1.1. About this practical

This practical is focused on introducing you to the basics of R, RStudio and R Markdown. The aim of the practical is to advance your learning of new technical tools (R and RStudio) for data exploration, description and data visualisation. During the session we will be investigating the differences in characteristics in annual rainfall from four locations in the UK. The aim is to determine what impact longitude and altitude have on the amount and seasonal distribution of rainfall.

The practical uses annual rainfall totals from four locations across northern England for the 50-year period from 1941 to 1990 (MetOffice, 1993). The attributes of the four sites that we will be investigating are given in Table 1 and plan/cross-sectional profiles of the four locations are in Figures 1 and 2.

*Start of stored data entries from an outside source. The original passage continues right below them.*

lemma domino_removal_vertical:
  assumes "is_partition m" "Suc i < length m" "m!Suc i = m!i"
    "Suc (Suc i) < length m \<Longrightarrow> m!Suc (Suc i) < m!i"
  shows "\<exists>nu. domino_removal m nu"
proof -
  have "0 < m!i" using is_partition_nth_pos[OF assms(1), of i] assms(2) by simp
  \<comment> \<open>Lower row \<open>i + 1\<close> first, so that the intermediate list is still sorted.\<close>
  let ?ys = "m[Suc i := m!i - 1]"
  let ?xs = "?ys[i := m!i - 1]"
  have "sorted_wrt (\<ge>) ?ys"
    using assms by (intro sorted_wrt_list_update_antimono) (auto simp: is_partition_def)
  then have "sorted_wrt (\<ge>) ?xs"
    by (rule sorted_wrt_list_update_antimono) (use assms in auto)
  moreover have "diagram ?xs = diagram m - {(i, m!i - 1), (Suc i, m!i - 1)}"
    using assms \<open>0 < m!i\<close> by (auto simp: diagram_list_update)
  moreover have "{(i, m!i - 1), (Suc i, m!i - 1)} \<subseteq> diagram m"
    using assms \<open>0 < m!i\<close> by (auto simp: diagram_def)
  ultimately have "domino_removal m (filter ((<) 0) ?xs)"
    by (intro domino_removalI[where i = i and j = "m!i - 1"]) blast+
  then show ?thesis ..
qed

lemma no_domino_removal_imp_staircase:
  assumes p: "is_partition m" and core: "\<not> (\<exists>nu. domino_removal m nu)"
  shows "m = staircase (length m)"
proof -
  let ?n = "length m"
  have "\<forall>r'. r \<le> r' \<longrightarrow> r' < ?n \<longrightarrow> m!r' = ?n - r'" if "r \<le> ?n" for r
    using that
  proof (induction rule: inc_induct)
    case (step r)
    have "m!r = ?n - r"
    proof (cases "Suc r = ?n")
      case True
      then show ?thesis
        using domino_removal_horizontal[OF p, of r] is_partition_nth_pos[OF p, of r] core by fastforce
    next
      case False
      then have next_row: "m!Suc r = ?n - Suc r" and "Suc r < ?n"
        using step by auto
      have "m!Suc r \<le> m!r"
        using sorted_wrt_ge_nth_antimono[of m r "Suc r"] p \<open>Suc r < ?n\<close> by (simp add: is_partition_def)
      moreover have "m!Suc r \<noteq> m!r"
        using domino_removal_vertical[OF p \<open>Suc r < ?n\<close>] step core next_row by force
      moreover have "\<not> m!Suc r + 2 \<le> m!r"
        using domino_removal_horizontal[OF p, of r] core step by force
      ultimately show ?thesis
        using next_row \<open>Suc r < ?n\<close> by linarith
    qed
    then show ?case
      using step by (metis le_eq_less_or_eq Suc_le_eq)
  qed simp
  then show ?thesis
    by (intro nth_equalityI) auto
qed

lemma card_hooks_staircase_le_card_odd_hooks:
  assumes "is_partition l" "checker_sum l = checker_sum (staircase k)"
  shows "card {b \<in> diagram (staircase k). hook (staircase k) b = v}
    \<le> card {b \<in> {b \<in> diagram l. odd (hook l b)}. hook l b = v}"
proof (cases "odd v")
  case True
  then obtain t where v: "v = 2 * t + 1"
    using oddE by blast
  have "max (2 * checker_sum l - 1) (- 2 * checker_sum l) = int k"
    using assms(2) checker_sum_staircase[of k] by auto
  then have "k - t \<le> card {b \<in> diagram l. hook l b = 2 * t + 1}"
    using card_hooks_odd_length_ge[OF assms(1), of t] by simp
  moreover have "{b \<in> {b \<in> diagram l. odd (hook l b)}. hook l b = v}
    = {b \<in> diagram l. hook l b = 2 * t + 1}"
    using v by auto
  ultimately show ?thesis
    using card_hooks_staircase[of k t] v by simp
next
  case False
  then have "{b \<in> diagram (staircase k). hook (staircase k) b = v} = {}"
    using odd_hook_staircase by fastforce
  then show ?thesis
    by (simp only: card.empty zero_le)
qed

theorem corollary3p4:
  fixes lam mu :: "nat list"
  assumes "is_partition lam"
    and "is_two_core_of mu lam"
  shows "H mu dvd H_odd lam"
proof -
  from assms(2) have chain: "domino_removal\<^sup>*\<^sup>* lam mu" and core: "\<not> (\<exists>nu. domino_removal mu nu)"
    by (auto simp: is_two_core_of_def)
  have "mu = staircase (length mu)"
    using no_domino_removal_imp_staircase is_partition_rtranclp[OF chain assms(1)] core by blast
  then obtain k where mu: "mu = staircase k" ..
  have "checker_sum lam = checker_sum (staircase k)"
    using checker_sum_rtranclp[OF chain] mu by simp
  then have "card {b \<in> diagram mu. hook mu b = v}
    \<le> card {b \<in> {b \<in> diagram lam. odd (hook lam b)}. hook lam b = v}" for v
    unfolding mu by (rule card_hooks_staircase_le_card_odd_hooks[OF assms(1)])
  then show ?thesis
    unfolding H_def H_odd_def by (rule prod_dvd_prod_if_card_fibres_le[rotated 2]) simp_all
qed

end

Table 1. Summary of the spatial characteristics of the four sites used in this practical

SITE

Denton

Redmires

Sheffield

Kirk Bramwith

Altitude (m)

93

305

131

7

Latitude

53.45

53.37

53.38

53.60

Longitude

2.21

1.57

1.47

1.07


Figure 1a. The spatial location of the four climate stations used in today’s practical. Note that this map was created using Digimap (2013), which allows access, customization, and annotation ordnance survey maps (e.g. for reports). Figure 1b. Altitude of the 4 study sites. One method for visualizing altitude vs. distance of the four climate stations, projected onto a ‘linear’ line, and relative distance along the line indicated as Eastings (km).

1.2. Practical structure

The practical session comprises 4 parts:

1. Data familiarisation & producing descriptive statistics using MS Excel

2. Start R and First R Analysis – if you haven’t completed this already 

3. Rainfall data exploration using R

4. Additional, optional exercise – air quality data exploration

Associated with practical are 15 questions for you to answer. These are to test your understanding of key concepts in the practical. Answers to the questions & example script. will be posted on KEATS a few days after the practical session.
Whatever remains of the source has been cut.